EXERCISE DETAILS
For the records below, output each line exactly as it appears, from the first through the line with "lower_triangular M \<Longrightarrow>".

PROVIDED DATA
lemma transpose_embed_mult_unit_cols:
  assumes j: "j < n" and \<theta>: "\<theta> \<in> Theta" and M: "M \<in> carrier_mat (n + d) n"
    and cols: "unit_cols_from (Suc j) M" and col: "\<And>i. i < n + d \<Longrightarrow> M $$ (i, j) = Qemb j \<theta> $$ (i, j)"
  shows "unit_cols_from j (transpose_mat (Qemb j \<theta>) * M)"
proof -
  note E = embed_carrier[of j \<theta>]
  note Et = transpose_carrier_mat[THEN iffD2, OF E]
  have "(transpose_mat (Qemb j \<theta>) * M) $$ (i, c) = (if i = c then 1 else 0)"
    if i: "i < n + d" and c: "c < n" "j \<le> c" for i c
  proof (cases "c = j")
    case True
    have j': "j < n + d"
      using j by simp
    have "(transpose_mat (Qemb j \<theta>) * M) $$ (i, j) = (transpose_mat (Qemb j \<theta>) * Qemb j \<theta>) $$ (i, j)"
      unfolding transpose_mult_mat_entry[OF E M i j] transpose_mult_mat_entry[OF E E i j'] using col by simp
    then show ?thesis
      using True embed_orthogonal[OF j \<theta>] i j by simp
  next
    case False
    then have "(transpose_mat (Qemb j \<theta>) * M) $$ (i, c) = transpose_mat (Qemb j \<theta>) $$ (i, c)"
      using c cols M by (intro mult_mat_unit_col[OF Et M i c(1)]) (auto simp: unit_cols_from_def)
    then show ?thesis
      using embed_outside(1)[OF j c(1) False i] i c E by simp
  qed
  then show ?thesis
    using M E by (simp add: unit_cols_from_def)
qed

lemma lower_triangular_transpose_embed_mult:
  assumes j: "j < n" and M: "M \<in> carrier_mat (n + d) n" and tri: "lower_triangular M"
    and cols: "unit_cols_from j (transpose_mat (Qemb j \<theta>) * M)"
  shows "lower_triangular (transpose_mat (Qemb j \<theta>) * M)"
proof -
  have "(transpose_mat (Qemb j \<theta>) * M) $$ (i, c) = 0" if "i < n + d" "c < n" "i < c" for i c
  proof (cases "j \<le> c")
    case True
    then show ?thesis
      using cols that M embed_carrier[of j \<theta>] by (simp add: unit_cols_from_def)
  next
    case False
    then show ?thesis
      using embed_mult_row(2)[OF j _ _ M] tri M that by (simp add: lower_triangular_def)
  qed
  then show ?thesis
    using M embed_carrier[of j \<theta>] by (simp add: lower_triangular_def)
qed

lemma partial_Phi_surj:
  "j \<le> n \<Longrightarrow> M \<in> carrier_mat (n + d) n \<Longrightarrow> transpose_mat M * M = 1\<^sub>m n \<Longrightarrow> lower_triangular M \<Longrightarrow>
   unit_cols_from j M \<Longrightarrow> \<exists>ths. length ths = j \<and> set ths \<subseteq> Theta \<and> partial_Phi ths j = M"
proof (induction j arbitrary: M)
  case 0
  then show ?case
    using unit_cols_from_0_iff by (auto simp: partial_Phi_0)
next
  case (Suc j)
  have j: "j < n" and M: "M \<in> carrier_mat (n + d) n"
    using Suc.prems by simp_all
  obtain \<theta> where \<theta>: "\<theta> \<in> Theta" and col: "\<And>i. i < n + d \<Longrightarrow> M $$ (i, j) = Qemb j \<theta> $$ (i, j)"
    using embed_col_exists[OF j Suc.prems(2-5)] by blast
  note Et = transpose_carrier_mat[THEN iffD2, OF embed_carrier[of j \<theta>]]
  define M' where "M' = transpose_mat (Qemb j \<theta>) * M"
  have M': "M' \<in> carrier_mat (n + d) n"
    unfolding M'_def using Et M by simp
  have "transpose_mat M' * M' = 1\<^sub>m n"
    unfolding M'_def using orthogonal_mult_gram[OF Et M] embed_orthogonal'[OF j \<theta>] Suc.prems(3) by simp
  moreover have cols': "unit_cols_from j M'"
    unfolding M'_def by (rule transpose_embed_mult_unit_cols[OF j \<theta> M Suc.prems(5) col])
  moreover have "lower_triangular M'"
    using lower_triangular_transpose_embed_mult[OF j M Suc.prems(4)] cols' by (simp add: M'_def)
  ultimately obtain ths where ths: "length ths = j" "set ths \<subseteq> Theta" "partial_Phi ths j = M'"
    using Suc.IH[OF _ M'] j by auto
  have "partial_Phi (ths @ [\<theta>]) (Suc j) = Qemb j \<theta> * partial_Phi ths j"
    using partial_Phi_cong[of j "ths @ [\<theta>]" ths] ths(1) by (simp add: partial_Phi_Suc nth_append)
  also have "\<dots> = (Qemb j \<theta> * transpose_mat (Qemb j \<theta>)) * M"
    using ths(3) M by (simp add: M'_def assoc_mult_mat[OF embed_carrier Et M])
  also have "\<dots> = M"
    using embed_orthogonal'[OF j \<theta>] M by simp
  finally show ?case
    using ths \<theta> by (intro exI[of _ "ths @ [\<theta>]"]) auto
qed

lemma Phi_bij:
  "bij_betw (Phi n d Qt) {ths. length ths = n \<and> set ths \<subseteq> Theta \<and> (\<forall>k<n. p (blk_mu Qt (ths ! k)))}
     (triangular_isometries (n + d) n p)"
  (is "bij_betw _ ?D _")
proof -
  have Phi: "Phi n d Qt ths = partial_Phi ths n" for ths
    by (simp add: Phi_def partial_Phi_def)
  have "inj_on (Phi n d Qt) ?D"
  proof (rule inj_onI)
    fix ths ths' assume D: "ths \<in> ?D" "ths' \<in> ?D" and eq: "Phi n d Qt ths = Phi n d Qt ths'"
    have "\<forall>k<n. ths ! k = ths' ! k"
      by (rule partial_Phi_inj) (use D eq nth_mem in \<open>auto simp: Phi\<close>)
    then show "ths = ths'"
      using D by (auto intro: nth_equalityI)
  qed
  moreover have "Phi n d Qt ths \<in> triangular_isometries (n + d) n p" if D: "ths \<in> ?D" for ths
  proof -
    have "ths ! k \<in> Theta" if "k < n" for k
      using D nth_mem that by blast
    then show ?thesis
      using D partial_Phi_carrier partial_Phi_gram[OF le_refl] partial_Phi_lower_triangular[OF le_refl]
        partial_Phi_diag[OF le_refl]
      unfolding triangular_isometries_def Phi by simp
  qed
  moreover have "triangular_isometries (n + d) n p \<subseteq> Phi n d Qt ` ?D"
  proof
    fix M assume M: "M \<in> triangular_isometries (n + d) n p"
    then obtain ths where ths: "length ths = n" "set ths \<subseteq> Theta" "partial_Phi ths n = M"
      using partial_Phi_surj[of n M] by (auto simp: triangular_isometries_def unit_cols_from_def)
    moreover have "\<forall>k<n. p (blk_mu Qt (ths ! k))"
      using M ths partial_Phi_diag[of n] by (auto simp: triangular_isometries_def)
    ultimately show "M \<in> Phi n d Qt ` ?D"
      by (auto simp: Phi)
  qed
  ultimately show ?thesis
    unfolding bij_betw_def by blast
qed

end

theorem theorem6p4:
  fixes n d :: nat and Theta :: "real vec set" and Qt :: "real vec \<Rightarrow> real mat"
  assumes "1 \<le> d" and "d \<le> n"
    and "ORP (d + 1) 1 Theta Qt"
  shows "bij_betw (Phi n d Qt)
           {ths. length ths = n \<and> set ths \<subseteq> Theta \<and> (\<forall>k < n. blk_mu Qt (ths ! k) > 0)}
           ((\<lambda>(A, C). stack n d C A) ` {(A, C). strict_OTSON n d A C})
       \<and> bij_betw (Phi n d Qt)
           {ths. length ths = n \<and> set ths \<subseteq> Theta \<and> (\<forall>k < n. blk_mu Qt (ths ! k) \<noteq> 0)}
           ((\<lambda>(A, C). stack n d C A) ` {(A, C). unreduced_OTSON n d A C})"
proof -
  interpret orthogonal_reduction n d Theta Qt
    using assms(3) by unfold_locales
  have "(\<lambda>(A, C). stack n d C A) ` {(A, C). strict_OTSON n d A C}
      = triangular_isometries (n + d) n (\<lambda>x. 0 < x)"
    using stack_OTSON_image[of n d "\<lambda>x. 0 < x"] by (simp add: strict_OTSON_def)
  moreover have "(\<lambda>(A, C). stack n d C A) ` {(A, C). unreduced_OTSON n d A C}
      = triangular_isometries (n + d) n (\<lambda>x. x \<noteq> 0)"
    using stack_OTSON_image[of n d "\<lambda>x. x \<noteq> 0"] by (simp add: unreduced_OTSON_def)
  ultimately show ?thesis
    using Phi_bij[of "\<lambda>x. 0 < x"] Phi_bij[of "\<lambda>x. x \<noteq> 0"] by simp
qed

EXERCISE OUTPUT
lemma transpose_embed_mult_unit_cols:
  assumes j: "j < n" and \<theta>: "\<theta> \<in> Theta" and M: "M \<in> carrier_mat (n + d) n"
    and cols: "unit_cols_from (Suc j) M" and col: "\<And>i. i < n + d \<Longrightarrow> M $$ (i, j) = Qemb j \<theta> $$ (i, j)"
  shows "unit_cols_from j (transpose_mat (Qemb j \<theta>) * M)"
proof -
  note E = embed_carrier[of j \<theta>]
  note Et = transpose_carrier_mat[THEN iffD2, OF E]
  have "(transpose_mat (Qemb j \<theta>) * M) $$ (i, c) = (if i = c then 1 else 0)"
    if i: "i < n + d" and c: "c < n" "j \<le> c" for i c
  proof (cases "c = j")
    case True
    have j': "j < n + d"
      using j by simp
    have "(transpose_mat (Qemb j \<theta>) * M) $$ (i, j) = (transpose_mat (Qemb j \<theta>) * Qemb j \<theta>) $$ (i, j)"
      unfolding transpose_mult_mat_entry[OF E M i j] transpose_mult_mat_entry[OF E E i j'] using col by simp
    then show ?thesis
      using True embed_orthogonal[OF j \<theta>] i j by simp
  next
    case False
    then have "(transpose_mat (Qemb j \<theta>) * M) $$ (i, c) = transpose_mat (Qemb j \<theta>) $$ (i, c)"
      using c cols M by (intro mult_mat_unit_col[OF Et M i c(1)]) (auto simp: unit_cols_from_def)
    then show ?thesis
      using embed_outside(1)[OF j c(1) False i] i c E by simp
  qed
  then show ?thesis
    using M E by (simp add: unit_cols_from_def)
qed

lemma lower_triangular_transpose_embed_mult:
  assumes j: "j < n" and M: "M \<in> carrier_mat (n + d) n" and tri: "lower_triangular M"
    and cols: "unit_cols_from j (transpose_mat (Qemb j \<theta>) * M)"
  shows "lower_triangular (transpose_mat (Qemb j \<theta>) * M)"
proof -
  have "(transpose_mat (Qemb j \<theta>) * M) $$ (i, c) = 0" if "i < n + d" "c < n" "i < c" for i c
  proof (cases "j \<le> c")
    case True
    then show ?thesis
      using cols that M embed_carrier[of j \<theta>] by (simp add: unit_cols_from_def)
  next
    case False
    then show ?thesis
      using embed_mult_row(2)[OF j _ _ M] tri M that by (simp add: lower_triangular_def)
  qed
  then show ?thesis
    using M embed_carrier[of j \<theta>] by (simp add: lower_triangular_def)
qed

lemma partial_Phi_surj:
  "j \<le> n \<Longrightarrow> M \<in> carrier_mat (n + d) n \<Longrightarrow> transpose_mat M * M = 1\<^sub>m n \<Longrightarrow> lower_triangular M \<Longrightarrow>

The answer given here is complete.